Exercise details = In the records that follow, find the line with "ultimately show ?thesis using assms by simp"; from there, retype every line exactly through the line with "Suc by auto", which also belongs to the answer.
/---
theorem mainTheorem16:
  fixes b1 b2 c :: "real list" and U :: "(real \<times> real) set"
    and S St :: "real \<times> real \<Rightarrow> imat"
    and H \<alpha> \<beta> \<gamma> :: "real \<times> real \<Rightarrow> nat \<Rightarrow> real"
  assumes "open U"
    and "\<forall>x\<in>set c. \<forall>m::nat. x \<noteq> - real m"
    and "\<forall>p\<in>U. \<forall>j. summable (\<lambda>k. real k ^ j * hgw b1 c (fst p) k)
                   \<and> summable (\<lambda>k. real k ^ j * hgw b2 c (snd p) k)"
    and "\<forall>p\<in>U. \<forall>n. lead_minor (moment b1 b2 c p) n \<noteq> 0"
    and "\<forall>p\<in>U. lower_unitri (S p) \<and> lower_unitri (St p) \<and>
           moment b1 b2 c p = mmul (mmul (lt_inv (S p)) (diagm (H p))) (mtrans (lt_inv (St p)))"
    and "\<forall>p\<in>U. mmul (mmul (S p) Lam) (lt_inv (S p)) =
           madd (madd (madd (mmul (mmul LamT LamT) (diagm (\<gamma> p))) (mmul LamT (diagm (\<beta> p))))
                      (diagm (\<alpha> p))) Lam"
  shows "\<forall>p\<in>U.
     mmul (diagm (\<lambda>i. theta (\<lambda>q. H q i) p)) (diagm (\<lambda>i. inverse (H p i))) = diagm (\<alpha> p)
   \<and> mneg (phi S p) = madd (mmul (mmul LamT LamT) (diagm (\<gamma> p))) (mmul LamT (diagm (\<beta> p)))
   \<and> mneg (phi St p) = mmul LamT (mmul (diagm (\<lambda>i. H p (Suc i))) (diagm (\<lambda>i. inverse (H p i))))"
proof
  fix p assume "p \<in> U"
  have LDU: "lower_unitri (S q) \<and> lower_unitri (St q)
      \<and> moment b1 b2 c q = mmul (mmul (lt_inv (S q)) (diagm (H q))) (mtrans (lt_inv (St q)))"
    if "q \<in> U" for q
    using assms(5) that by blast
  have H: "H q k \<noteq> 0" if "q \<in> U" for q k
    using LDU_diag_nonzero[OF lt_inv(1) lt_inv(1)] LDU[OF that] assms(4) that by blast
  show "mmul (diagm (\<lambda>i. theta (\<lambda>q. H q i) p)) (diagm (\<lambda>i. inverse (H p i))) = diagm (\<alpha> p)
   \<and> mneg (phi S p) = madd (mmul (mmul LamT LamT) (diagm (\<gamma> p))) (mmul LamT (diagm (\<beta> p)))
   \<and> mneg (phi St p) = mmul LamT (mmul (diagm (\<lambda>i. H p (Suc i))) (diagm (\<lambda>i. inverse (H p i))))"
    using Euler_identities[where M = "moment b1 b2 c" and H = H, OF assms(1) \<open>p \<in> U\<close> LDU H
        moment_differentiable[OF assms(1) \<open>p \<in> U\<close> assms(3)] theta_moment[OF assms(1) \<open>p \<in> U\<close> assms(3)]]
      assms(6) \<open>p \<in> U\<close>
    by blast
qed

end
\---
/---
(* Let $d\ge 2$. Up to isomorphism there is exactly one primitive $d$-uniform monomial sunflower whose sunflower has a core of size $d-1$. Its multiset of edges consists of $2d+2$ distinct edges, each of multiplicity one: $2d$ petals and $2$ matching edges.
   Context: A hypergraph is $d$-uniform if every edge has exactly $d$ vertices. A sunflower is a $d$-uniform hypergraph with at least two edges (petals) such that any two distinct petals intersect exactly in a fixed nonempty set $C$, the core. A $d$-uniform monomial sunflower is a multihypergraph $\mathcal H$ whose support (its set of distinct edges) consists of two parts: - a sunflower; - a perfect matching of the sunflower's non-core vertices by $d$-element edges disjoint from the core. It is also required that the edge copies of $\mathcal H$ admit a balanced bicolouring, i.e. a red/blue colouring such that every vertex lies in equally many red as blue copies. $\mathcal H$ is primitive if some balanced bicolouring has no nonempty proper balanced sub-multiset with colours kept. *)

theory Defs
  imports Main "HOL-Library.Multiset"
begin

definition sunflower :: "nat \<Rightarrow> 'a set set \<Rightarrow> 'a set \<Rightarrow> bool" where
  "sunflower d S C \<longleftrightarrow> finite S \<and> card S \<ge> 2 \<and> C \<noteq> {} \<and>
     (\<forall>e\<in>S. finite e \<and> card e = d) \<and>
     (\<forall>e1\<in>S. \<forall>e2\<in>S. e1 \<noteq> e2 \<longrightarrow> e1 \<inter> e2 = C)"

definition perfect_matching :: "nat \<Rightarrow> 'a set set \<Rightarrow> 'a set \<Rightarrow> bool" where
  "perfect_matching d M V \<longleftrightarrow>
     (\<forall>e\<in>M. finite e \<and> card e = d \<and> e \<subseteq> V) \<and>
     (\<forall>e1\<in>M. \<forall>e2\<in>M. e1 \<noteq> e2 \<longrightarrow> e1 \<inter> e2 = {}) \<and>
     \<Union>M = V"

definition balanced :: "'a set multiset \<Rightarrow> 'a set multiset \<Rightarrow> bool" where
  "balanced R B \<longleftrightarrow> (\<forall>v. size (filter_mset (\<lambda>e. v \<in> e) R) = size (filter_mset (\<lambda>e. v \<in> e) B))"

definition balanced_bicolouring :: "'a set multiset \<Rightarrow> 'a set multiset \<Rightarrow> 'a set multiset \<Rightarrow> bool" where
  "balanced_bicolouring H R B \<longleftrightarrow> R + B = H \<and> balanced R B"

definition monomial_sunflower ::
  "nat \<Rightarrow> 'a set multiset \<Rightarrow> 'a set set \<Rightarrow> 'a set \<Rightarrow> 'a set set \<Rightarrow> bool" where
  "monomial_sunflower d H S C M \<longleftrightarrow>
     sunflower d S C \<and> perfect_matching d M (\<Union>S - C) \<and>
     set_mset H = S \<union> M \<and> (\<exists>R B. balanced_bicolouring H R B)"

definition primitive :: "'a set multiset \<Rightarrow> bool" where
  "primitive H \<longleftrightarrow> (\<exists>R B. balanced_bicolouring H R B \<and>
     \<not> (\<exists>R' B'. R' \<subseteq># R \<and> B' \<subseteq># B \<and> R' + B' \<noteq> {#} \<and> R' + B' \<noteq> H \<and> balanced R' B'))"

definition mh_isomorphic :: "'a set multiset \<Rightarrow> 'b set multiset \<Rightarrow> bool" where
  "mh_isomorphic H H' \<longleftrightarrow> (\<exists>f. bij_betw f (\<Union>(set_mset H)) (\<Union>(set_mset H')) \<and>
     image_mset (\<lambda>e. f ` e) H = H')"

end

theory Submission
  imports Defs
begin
\---
/---
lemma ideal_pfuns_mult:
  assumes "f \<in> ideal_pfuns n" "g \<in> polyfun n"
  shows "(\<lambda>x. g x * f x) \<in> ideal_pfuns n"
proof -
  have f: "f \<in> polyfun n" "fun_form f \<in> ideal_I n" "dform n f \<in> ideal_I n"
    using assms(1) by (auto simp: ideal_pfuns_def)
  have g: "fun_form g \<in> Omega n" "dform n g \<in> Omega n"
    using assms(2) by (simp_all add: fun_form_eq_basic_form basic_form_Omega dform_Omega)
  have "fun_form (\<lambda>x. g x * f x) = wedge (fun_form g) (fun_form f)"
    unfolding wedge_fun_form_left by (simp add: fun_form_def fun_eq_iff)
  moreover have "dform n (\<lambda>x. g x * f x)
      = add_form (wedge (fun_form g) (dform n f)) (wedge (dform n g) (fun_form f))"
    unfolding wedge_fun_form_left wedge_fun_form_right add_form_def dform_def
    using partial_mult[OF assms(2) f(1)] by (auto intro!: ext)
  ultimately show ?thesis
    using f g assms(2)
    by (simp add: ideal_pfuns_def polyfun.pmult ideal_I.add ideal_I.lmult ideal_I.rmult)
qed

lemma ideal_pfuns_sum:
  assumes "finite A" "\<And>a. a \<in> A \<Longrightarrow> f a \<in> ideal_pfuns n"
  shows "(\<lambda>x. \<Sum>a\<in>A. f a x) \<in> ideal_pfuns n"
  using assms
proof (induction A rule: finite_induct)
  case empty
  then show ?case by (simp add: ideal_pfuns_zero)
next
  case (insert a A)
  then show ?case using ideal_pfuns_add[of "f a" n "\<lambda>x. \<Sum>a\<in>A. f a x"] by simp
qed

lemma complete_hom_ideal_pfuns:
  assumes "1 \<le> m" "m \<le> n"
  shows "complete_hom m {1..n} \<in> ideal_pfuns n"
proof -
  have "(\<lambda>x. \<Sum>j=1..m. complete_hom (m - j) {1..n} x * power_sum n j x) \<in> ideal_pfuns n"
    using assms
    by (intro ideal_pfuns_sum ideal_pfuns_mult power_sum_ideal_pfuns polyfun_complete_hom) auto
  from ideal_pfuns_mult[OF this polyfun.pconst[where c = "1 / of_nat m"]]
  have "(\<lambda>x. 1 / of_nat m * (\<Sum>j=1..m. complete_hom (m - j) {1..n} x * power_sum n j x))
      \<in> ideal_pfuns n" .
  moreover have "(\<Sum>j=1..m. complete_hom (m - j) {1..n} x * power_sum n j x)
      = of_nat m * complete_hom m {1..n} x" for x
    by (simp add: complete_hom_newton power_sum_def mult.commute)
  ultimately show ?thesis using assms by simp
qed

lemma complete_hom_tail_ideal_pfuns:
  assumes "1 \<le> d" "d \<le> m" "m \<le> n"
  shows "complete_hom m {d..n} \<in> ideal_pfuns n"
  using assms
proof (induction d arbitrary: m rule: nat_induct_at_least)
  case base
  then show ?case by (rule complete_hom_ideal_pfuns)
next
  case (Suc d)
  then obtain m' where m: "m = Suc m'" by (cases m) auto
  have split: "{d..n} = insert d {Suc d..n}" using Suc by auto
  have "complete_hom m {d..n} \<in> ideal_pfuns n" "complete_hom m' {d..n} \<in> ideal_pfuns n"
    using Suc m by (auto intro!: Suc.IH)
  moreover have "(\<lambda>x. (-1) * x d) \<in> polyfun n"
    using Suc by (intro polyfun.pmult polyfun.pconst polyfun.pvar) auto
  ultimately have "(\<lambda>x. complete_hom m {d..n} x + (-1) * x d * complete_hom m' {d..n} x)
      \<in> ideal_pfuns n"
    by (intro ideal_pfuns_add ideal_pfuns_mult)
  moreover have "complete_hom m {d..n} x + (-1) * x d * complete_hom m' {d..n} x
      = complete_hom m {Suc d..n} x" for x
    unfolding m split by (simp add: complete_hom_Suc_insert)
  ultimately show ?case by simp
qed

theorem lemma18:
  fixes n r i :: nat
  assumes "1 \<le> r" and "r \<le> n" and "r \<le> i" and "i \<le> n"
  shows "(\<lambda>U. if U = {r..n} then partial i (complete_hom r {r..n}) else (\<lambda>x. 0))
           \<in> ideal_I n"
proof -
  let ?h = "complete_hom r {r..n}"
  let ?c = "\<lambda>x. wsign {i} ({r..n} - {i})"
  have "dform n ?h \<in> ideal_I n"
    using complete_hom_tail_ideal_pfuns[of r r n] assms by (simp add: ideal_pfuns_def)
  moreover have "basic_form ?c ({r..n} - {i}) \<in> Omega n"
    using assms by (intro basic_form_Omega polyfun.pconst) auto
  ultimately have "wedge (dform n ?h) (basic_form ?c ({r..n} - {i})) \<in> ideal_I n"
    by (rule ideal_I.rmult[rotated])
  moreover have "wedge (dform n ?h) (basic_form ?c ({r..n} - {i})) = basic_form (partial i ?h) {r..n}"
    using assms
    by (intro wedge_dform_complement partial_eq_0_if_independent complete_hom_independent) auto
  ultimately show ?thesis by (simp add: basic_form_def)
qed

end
\---
Response =
  ultimately show ?thesis using assms by simp
qed

lemma complete_hom_tail_ideal_pfuns:
  assumes "1 \<le> d" "d \<le> m" "m \<le> n"
  shows "complete_hom m {d..n} \<in> ideal_pfuns n"
  using assms
proof (induction d arbitrary: m rule: nat_induct_at_least)
  case base
  then show ?case by (rule complete_hom_ideal_pfuns)
next
  case (Suc d)
  then obtain m' where m: "m = Suc m'" by (cases m) auto
  have split: "{d..n} = insert d {Suc d..n}" using Suc by auto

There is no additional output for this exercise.